Alguns ateus, muçulmanos e cristãos fundamentalistas gostam de reclamar e chiar pelo fato de que as comemorações de Natal e Páscoa são “pagãs.” Eles estão, ao mesmo tempo, certos e errados. Eles têm razão na medida em que a nossa cultura ocidental tem raízes profundas nas culturas pré-cristãs da Europa. Mas eles também estão redondamente enganados, pois os primeiros cristãos, como os judeus antes deles, consideravam sua religião um contraste e uma correção da cultura pagã predominante à época.
Devemos ser iconoclastas culturais e expurgar todos os vestígios de paganismo do mundo moderno? Devemos abandonar nossas árvores de Natal e jogar no lixo os ovos de Páscoa? Se assim for, deveriam os anglófonos, por exemplo, adotar os nomes cristãos dos dias da semana em detrimento da homenagem às divindades pagãs Tiu (Tuesday), Odin (Wednesday) Thor (Thursday) Frige (Friday) e Saturno (Saturday), isso para não falar do culto ao sol e à lua (Sunday e Monday)?
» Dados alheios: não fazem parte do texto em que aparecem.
theorem corollary4p3:
  fixes M :: "'a set" and d :: "'a \<Rightarrow> 'a \<Rightarrow> real" and n :: nat
    and Y :: "'a set" and \<alpha> :: "('a chain) set" and p :: 'a and r :: real and W :: "'a set"
  assumes "Metric_space M d"
    and "contractible_space (Metric_space.mtopology M d)"
    and "homological_dimension (Metric_space.mtopology M d) = enat n"
    and "n \<ge> 1"
    and "Y \<subseteq> M"
    and "\<alpha> \<in> carrier (relative_homology_group (int n) (Metric_space.mtopology M d) Y)"
    and "p \<in> hsupport (int n) (Metric_space.mtopology M d) Y \<alpha>"
    and "0 < r"
    and "ereal r < (INF y\<in>Y. ereal (d p y))"
    and "W \<subseteq> M - {p}"
    and "\<exists>U. openin (subtopology (Metric_space.mtopology M d) (M - {p})) U
              \<and> {x \<in> M. d p x = r} \<inter> hsupport (int n) (Metric_space.mtopology M d) Y \<alpha> \<subseteq> U
              \<and> U \<subseteq> W"
  shows "\<exists>a \<in> carrier (homology_group (int n - 1) (subtopology (Metric_space.mtopology M d) W)).
           hom_induced (int n - 1) (subtopology (Metric_space.mtopology M d) W) {}
                (subtopology (Metric_space.mtopology M d) (M - {p})) {} id a
             \<noteq> \<one>\<^bsub>homology_group (int n - 1) (subtopology (Metric_space.mtopology M d) (M - {p}))\<^esub>"
proof -
  interpret Metric_space M d by fact
  let ?\<beta> = "hom_boundary (int n) mtopology (M - {p})
                (hom_induced (int n) mtopology Y mtopology (M - {p}) id \<alpha>)"
  obtain U where U: "openin (subtopology mtopology (M - {p})) U"
      "{x \<in> M. d p x = r} \<inter> hsupport (int n) mtopology Y \<alpha> \<subseteq> U" "U \<subseteq> W"
    using assms(11) by blast
  have p: "p \<in> M" "\<not> hom_vanishes_on (int n) mtopology Y \<alpha> {p}"
    using assms(7) by (auto simp: in_hsupport_iff)
  then have U_open: "openin mtopology U"
    using openin_trans_full[OF U(1)] closedin_Hausdorff_singleton[OF Hausdorff_space_mtopology]
    by (metis openin_diff openin_topspace topspace_mtopology)
  define A where "A = mcball p r - mball p r - U"
  have A_closed: "closedin mtopology A"
    unfolding A_def using U_open by (intro closedin_diff) auto
  have closure_Y: "disjnt (mcball p r) (mtopology closure_of Y)"
    using assms(9) by (rule mcball_disjnt_closure_of)
  then have "Y \<subseteq> M - (A \<union> mcball p r)"
    using assms(5) closure_of_subset[of Y mtopology] by (auto simp: A_def disjnt_def)
  moreover have "hom_vanishes_on (int n) mtopology Y \<alpha> A"
    using assms(3,5,6) U(2) p(1) A_closed closure_Y Hausdorff_space_mtopology regular_space_mtopology
    by (intro hom_vanishes_on_closedin_disjoint_hsupport) (auto simp: A_def disjnt_iff)
  moreover have "mcball p r - mball p r - A \<subseteq> U"
    by (auto simp: A_def)
  ultimately have "?\<beta> \<in> hom_induced (int n - 1) (subtopology mtopology W) {} (subtopology mtopology (M - {p})) {} id
                      ` carrier (homology_group (int n - 1) (subtopology mtopology W))"
    using hom_boundary_local_class_in_image[of \<alpha> "int n" mtopology Y A "mcball p r" "mball p r" p U W]
      assms(6,8,10) A_closed mball_subset_mcball U_open U(3) p(1)
    by simp
  moreover have "?\<beta> \<noteq> \<one>\<^bsub>homology_group (int n - 1) (subtopology mtopology (M - {p}))\<^esub>"
    using p(2) assms(4) hom_boundary_eq_one_iff_contractible[OF assms(2)]
    by (simp add: hom_vanishes_on_def hom_induced_carrier)
  ultimately show ?thesis
    by auto
qed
A "purificação cultural" deveria continuar, exigindo que os nomes do meses do ano fossem expurgados de suas absurdas associações demoníacas e pagãs! Fora com Janus, o deus de duas caras de janeiro! Fora com Marte (de março), com a deusa Maia (de maio) e com Juno! Dia de Ano-Novo? O horror, o horror! A comemoração do início do ano em janeiro é pagã "do primeiro ao quinto"!
O conservador nunca deve ser um iconoclasta. Ele afirma que o passado é o alicerce do futuro. Nossa cultura ocidental está profundamente arraigada nas civilizações clássicas da Grécia e de Roma, mas também nas culturas pré-cristãs da Europa. Os costumes ancestrais se fundiram, desenvolveram e adaptaram às mudanças dos tempos, mas não devem ser desprezados simplesmente por serem pagãos ou por serem do passado. Um bom exemplo de como um costume de origem pagã se transformou numa comemoração hodierna é o Dia de Ano-Novo.
Os primeiros registros de uma comemoração de Ano-Novo datam de 2000 a.C., na Mesopotâmia. Depois, na época do patriarca Abraão, o novo ano era anunciado não no meio do inverno (do hemisfério norte), e sim no equinócio de primavera (também do hemisfério norte), em meados de março. Em consonância com esses costumes já ancestrais, o primeiro calendário romano tinha dez meses, e também reconhecia o mês de março como o início do ano. Daí os nomes dos meses de setembro, outubro, novembro e dezembro: contando a partir de março, eles eram o sétimo, oitavo, nono e décimo meses.
Numa Pompílio, segundo rei de Roma, acrescentou janeiro e fevereiro ao calendário e, em 153 a.C., surgiu o primeiro registro da comemoração do Dia de Ano-Novo no primeiro dia de janeiro. A mudança foi decretada por motivos civis (os cônsules iniciavam seu mandato nessa época), mas muita gente continuava reconhecendo o mês de março como o início do ano.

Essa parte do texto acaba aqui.